It took dogged determination, and the confidence of knowing the law was utterly wrong, for Unison to achieve what was unthinkable four years ago: a unanimous Supreme Court ruling that employment tribunal fees, introduced by statutory instrument under former lord chancellor Chris Grayling, were unlawful.
The immediate consequence is that the fees will be quashed, meaning that employment tribunal claims are now once again free to bring. The government also faces a bill of about £32m to refund claimants who paid the fees in the past four years. What makes the case especially remarkable, however, is the history of the arguments and how the Supreme Court eventually reached its decision.

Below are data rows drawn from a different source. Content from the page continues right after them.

lemma besselK_ge_laplace_estimate:
  fixes nu a :: real
  assumes nu: "nu \<ge> 1" and a: "a > 0" and a_le: "a \<le> nu"
  defines "E \<equiv> exp (nu * ln (nu / a) - nu)"
  shows "exp (-a) / 2 * (2 * E / sqrt nu - exp (-a) / (nu - a + sqrt nu)
           - E * exp (nu * (3 - exp 2)) / (nu * exp 2 - nu + sqrt nu)) \<le> besselK nu (2 * a)"
proof -
  define T where "T = ln (nu / a)"
  define W where "W = (\<lambda>t. exp (nu*t - a * exp t))"
  have T0: "T \<ge> 0" and aT: "a * exp T = nu"
    using a a_le nu unfolding T_def by simp_all
  have a_exp_T2: "a * exp (T + 2) = nu * exp 2"
    using aT by (simp add: exp_add mult.assoc[symmetric])
  have W_T: "W T = E" and W_0: "W 0 = exp (-a)"
    and W_T2: "W (T + 2) = E * exp (nu * (3 - exp 2))"
    unfolding W_def E_def T_def[symmetric] aT a_exp_T2
    by (simp_all flip: exp_add add: algebra_simps)
  have W_integrable: "W integrable_on {0..T+2}"
    unfolding W_def by (intro integrable_continuous_real continuous_intros)
  have "(\<lambda>t. exp (-a) / 2 * W t) integrable_on {0..T+2}"
    using W_integrable by (rule integrable_on_mult_right)
  then have "integral {0..T+2} (\<lambda>t. exp (-a) / 2 * W t)
      \<le> integral {0..T+2} (\<lambda>t. exp (- (2*a) * cosh t) * cosh (nu * t))"
    using exp_laplace_le_besselK_integrand[OF a]
    by (intro integral_le) (auto simp: W_def intro!: integrable_continuous_real continuous_intros)
  also have "\<dots> \<le> besselK nu (2 * a)"
    using a nu by (intro integral_besselK_integrand_le_besselK) auto
  finally have K_ge: "exp (-a) / 2 * integral {0..T+2} W \<le> besselK nu (2 * a)"
    by simp
  have "integral {0..T} W + integral {T..T+2} W = integral {0..T+2} W"
    using T0 W_integrable by (intro Henstock_Kurzweil_Integration.integral_combine) auto
  moreover have "W T / sqrt nu - W 0 / (nu - a + sqrt nu) \<le> integral {0..T} W"
    unfolding W_def using nu a T0 aT by (rule integral_laplace_left_ge)
  moreover have "W T / sqrt nu - W (T+2) / (a * exp (T+2) - nu + sqrt nu) \<le> integral {T..T+2} W"
    unfolding W_def using nu a _ aT by (rule integral_laplace_right_ge) simp
  ultimately have "2 * E / sqrt nu - exp (-a) / (nu - a + sqrt nu)
      - E * exp (nu * (3 - exp 2)) / (nu * exp 2 - nu + sqrt nu) \<le> integral {0..T+2} W"
    unfolding W_T W_0 W_T2 a_exp_T2 by linarith
  then show ?thesis
    using K_ge by (smt (verit) exp_gt_zero divide_pos_pos mult_left_mono)
qed

lemma exp_one_ge: "exp 1 \<ge> (2718/1000 :: real)"
  using e_approx_32 unfolding abs_le_iff by simp

lemma exp_four_gt_50: "exp 4 > (50 :: real)"
proof -
  have "(50 :: real) < (2718/1000)^4"
    by (simp add: eval_nat_numeral)
  also have "\<dots> \<le> exp 1 ^ 4"
    using exp_one_ge by (intro power_mono) auto
  finally show ?thesis
    by (simp flip: exp_of_nat_mult)
qed

lemma exp_two_gt_7: "exp 2 > (7 :: real)"
proof -
  have "(7 :: real) < (2718/1000)^2"
    by (simp add: eval_nat_numeral)
  also have "\<dots> \<le> exp 1 ^ 2"
    using exp_one_ge by (intro power_mono) auto
  finally show ?thesis
    by (simp flip: exp_of_nat_mult)
qed

lemma pi_le_exp_half: "pi \<le> 2 * (98/100)^2 * exp (1/2 :: real)"
proof -
  have "(16416/10000 :: real)^2 \<le> exp (1/2) ^ 2"
    using exp_one_ge by (simp add: eval_nat_numeral flip: exp_add)
  then have "16416/10000 \<le> exp (1/2 :: real)"
    by (rule power2_le_imp_le) simp
  moreover have "pi \<le> (315/100 :: real)"
    using pi_approx by simp
  ultimately show ?thesis
    by (simp add: eval_nat_numeral)
qed

definition besselK_minorant :: "real \<Rightarrow> real \<Rightarrow> real" where
  "besselK_minorant nu z =
     exp (1/2 * ln (pi / (z * exp 1)) - z + (nu - 1/2) * ln (2 * (nu - 1/2) / (z * exp 1)))"

lemma sub_half_mult_ln_ratio_le:
  fixes nu :: real
  assumes "nu \<ge> 1"
  shows "(nu - 1/2) * (ln (nu - 1/2) - ln nu) \<le> - 1/4"
proof -
  have "ln ((nu - 1/2) / nu) \<le> (nu - 1/2) / nu - 1"
    using assms by (intro ln_le_minus_one) auto
  then have "(nu - 1/2) * (ln (nu - 1/2) - ln nu) \<le> (nu - 1/2) * ((nu - 1/2) / nu - 1)"
    using assms by (intro mult_left_mono) (auto simp: ln_div)
  also have "\<dots> \<le> - 1/4"
    using assms by (simp add: field_simps)
  finally show ?thesis .
qed

text \<open>The constant 98/100 exceeds sqrt(pi / 2) e^(-1/4), the bound on g_nu(2a) relative to the
  peak term e^(-2a) W(T) / sqrt nu.\<close>
lemma besselK_minorant_le:
  fixes nu a :: real
  assumes nu: "nu \<ge> 1" and a: "a > 0"
  shows "besselK_minorant nu (2 * a)
           \<le> 98/100 * exp (-a)^2 * (exp (nu * ln (nu / a) - nu) / sqrt nu)"
proof -
  define m where "m = nu - 1/2"
  have m0: "m > 0"
    using nu by (simp add: m_def)
  define A where "A = 1/2 * ln (pi / (2 * a * exp 1)) - 2 * a + m * ln (2 * m / (2 * a * exp 1))"
  define R where "R = ln (98/100) - 2 * a + (nu * ln (nu / a) - nu) - 1/2 * ln nu"
  have "ln pi \<le> ln (2 * (98/100)^2 * exp (1/2 :: real))"
    using pi_le_exp_half by simp
  then have ln_pi: "ln pi \<le> ln 2 + 2 * ln (98/100) + 1/2"
    by (simp add: ln_mult ln_realpow)
  have "A = 1/2 * ln pi - 1/2 * ln 2 - 1/2 * ln a - 1/2 - 2 * a + m * ln m - m * ln a - m"
    unfolding A_def using a m0 by (simp add: ln_div ln_mult algebra_simps)
  moreover have "R = ln (98/100) - 2 * a + m * ln nu - m * ln a - 1/2 * ln a - m - 1/2"
    unfolding R_def using a nu by (simp add: ln_div m_def algebra_simps)
  moreover have "m * (ln m - ln nu) \<le> - 1/4"
    unfolding m_def using nu by (rule sub_half_mult_ln_ratio_le)
  ultimately have "exp A \<le> exp R"
    using ln_pi by (simp add: algebra_simps)
  also have "exp R = 98/100 * exp (-a)^2 * (exp (nu * ln (nu / a) - nu) / sqrt nu)"
  proof -
    have "R = ln (98/100) + (-a) + (-a) + (nu * ln (nu / a) - nu) - 1/2 * ln nu"
      by (simp add: R_def)
    then have "exp R = exp (ln (98/100)) * exp (-a) * exp (-a) * exp (nu * ln (nu / a) - nu)
        / exp (1/2 * ln nu)"
      by (simp only: exp_diff exp_add)
    moreover have "exp (1/2 * ln nu) = sqrt nu"
      using nu powr_half_sqrt[of nu] by (simp add: powr_def)
    ultimately show ?thesis
      by (simp add: power2_eq_square)
  qed
  finally show ?thesis
    unfolding besselK_minorant_def m_def[symmetric] A_def[symmetric] .
qed

lemma laplace_tail_le:
  fixes nu E :: real
  assumes nu: "nu \<ge> 1" and E: "E \<ge> 0"
  shows "E * exp (nu * (3 - exp 2)) / (nu * exp 2 - nu + sqrt nu) \<le> E / sqrt nu / 50"
proof -
  have "nu * (3 - exp 2) \<le> 3 - exp 2"
    using mult_right_mono_neg[OF nu, of "3 - exp 2"] exp_two_gt_7 by simp
  then have "nu * (3 - exp 2) \<le> -4"
    using exp_two_gt_7 by linarith
  then have "exp (nu * (3 - exp 2)) \<le> exp (-4)"
    by simp
  also have "\<dots> \<le> 1/50"
    using exp_four_gt_50 by (simp add: exp_minus field_simps)
  finally have tail: "exp (nu * (3 - exp 2)) \<le> 1/50" .
  have "nu * 1 \<le> nu * exp 2"
    using nu exp_two_gt_7 by (intro mult_left_mono) auto
  then have den: "sqrt nu \<le> nu * exp 2 - nu + sqrt nu"
    by simp
  have sqrt_pos: "0 < sqrt nu"
    using nu by simp
  then have den_prod: "0 < (nu * exp 2 - nu + sqrt nu) * sqrt nu"
    using den by (intro mult_pos_pos) linarith+
  have "E * exp (nu * (3 - exp 2)) / (nu * exp 2 - nu + sqrt nu)
      \<le> E * exp (nu * (3 - exp 2)) / sqrt nu"
    using E den_prod by (intro divide_left_mono[OF den]) auto
  also have "\<dots> \<le> E * (1/50) / sqrt nu"
    using tail E nu by (intro divide_right_mono mult_left_mono) auto
  finally show ?thesis
    by simp
qed

lemma laplace_peak_ge:
  fixes nu a :: real
  assumes nu: "nu \<ge> 1" and a: "a > 0" and ea: "exp 1 * a \<le> nu"
  shows "1 / (exp 1 * a) \<le> exp (nu * ln (nu / a) - nu) / sqrt nu"
proof -
  have "exp 1 \<le> nu / a"
    using ea a by (simp add: field_simps)
  then have T: "1 \<le> ln (nu / a)"
    using a nu by (simp add: ln_ge_iff)
  have "nu / (exp 1 * a) = exp (ln (nu / a) - 1)"
    using a nu by (simp add: exp_diff)
  also have "\<dots> \<le> exp (nu * ln (nu / a) - nu)"
    using mult_right_mono[OF nu, of "ln (nu / a) - 1"] T by (simp add: algebra_simps)
  finally have "1 / (exp 1 * a) \<le> exp (nu * ln (nu / a) - nu) / nu"
    using nu by (simp add: field_simps)
  also have "\<dots> \<le> exp (nu * ln (nu / a) - nu) / sqrt nu"
  proof -
    have "sqrt nu * 1 \<le> sqrt nu * sqrt nu"
      using nu by (intro mult_left_mono) auto
    then show ?thesis
      using nu by (intro divide_left_mono) auto
  qed
  finally show ?thesis .
qed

The initial applications for judicial review were dismissed, the first one, in 2013, as “premature” and, the second one, in 2014, as lacking in evidence showing the fees were unaffordable and prevented access to justice. The Court of Appeal upheld these findings. Prospects were bleak, even when permission to appeal to the Supreme Court was granted.The first set of arguments in the High Court was based on a breach of the EU principle of effectiveness as implemented in the public sector equality duty in the Equality Act 2010. Before the Supreme Court, the Unison legal team made a bold decision: base their appeal almost entirely on the common law right of access to justice.
Giving the court’s decision, Lord Reed goes into extensive detail about what this entails. He takes us back to Magna Carta, Coke, and Blackstone, before considering more recent precedents on unjustified interference with the right to access to the courts. It’s the common law as a living instrument.
It’s not the first time the Supreme Court has welcomed common law-based appeals, but it’s by no means a regular occurrence. I spoke to Lord Neuberger the day after the ruling and suggested that, in the context of Brexit, this could be a turning point, with British judges returning to the common law as a means of retaining control after Britain leaves the EU.
The outgoing president of the Supreme Court, who has done much to bring the common law back into the spotlight, winced and said the common law had been regaining traction since “well before Brexit was even a blink in anybody’s eyes”. This may be so, and Lord Neuberger could not be expected to stray into conversations that may be regarded as political. But the meticulousness of Lord Reed’s decision tells a different story.
The Supreme Court could have chosen a different approach, used different words, produced a shorter decision. It didn’t. Lord Reed went to great lengths to take the government back to basic principles of English law. His examples of what “affordable” means “in the real world” are a bold rebuttal of the government’s argument that aggrieved employees could simply save up to fund their claims; that “affordable” isn’t just about being able to pay but also about whether it is worth putting oneself through the grinding wheels of litigation.
Likewise, his confident rejection of the government’s assumption that courts and tribunals provide a service that “users” must fund, and that it is otherwise of no wider value to the public. His disdain for this approach is best encapsulated in the paragraph reminding the government that without the hundreds of cases involving ordinary people that have allowed the courts to develop and refine the law, the government would not have been able to rely on the 60 precedents it put forward in defence of its position.
This is not an ordinary ruling. It’s a call to arms, a rallying cry to other judges to be fearless against a government tempted to bypass the parliamentary process. And it’s unlikely to be the last.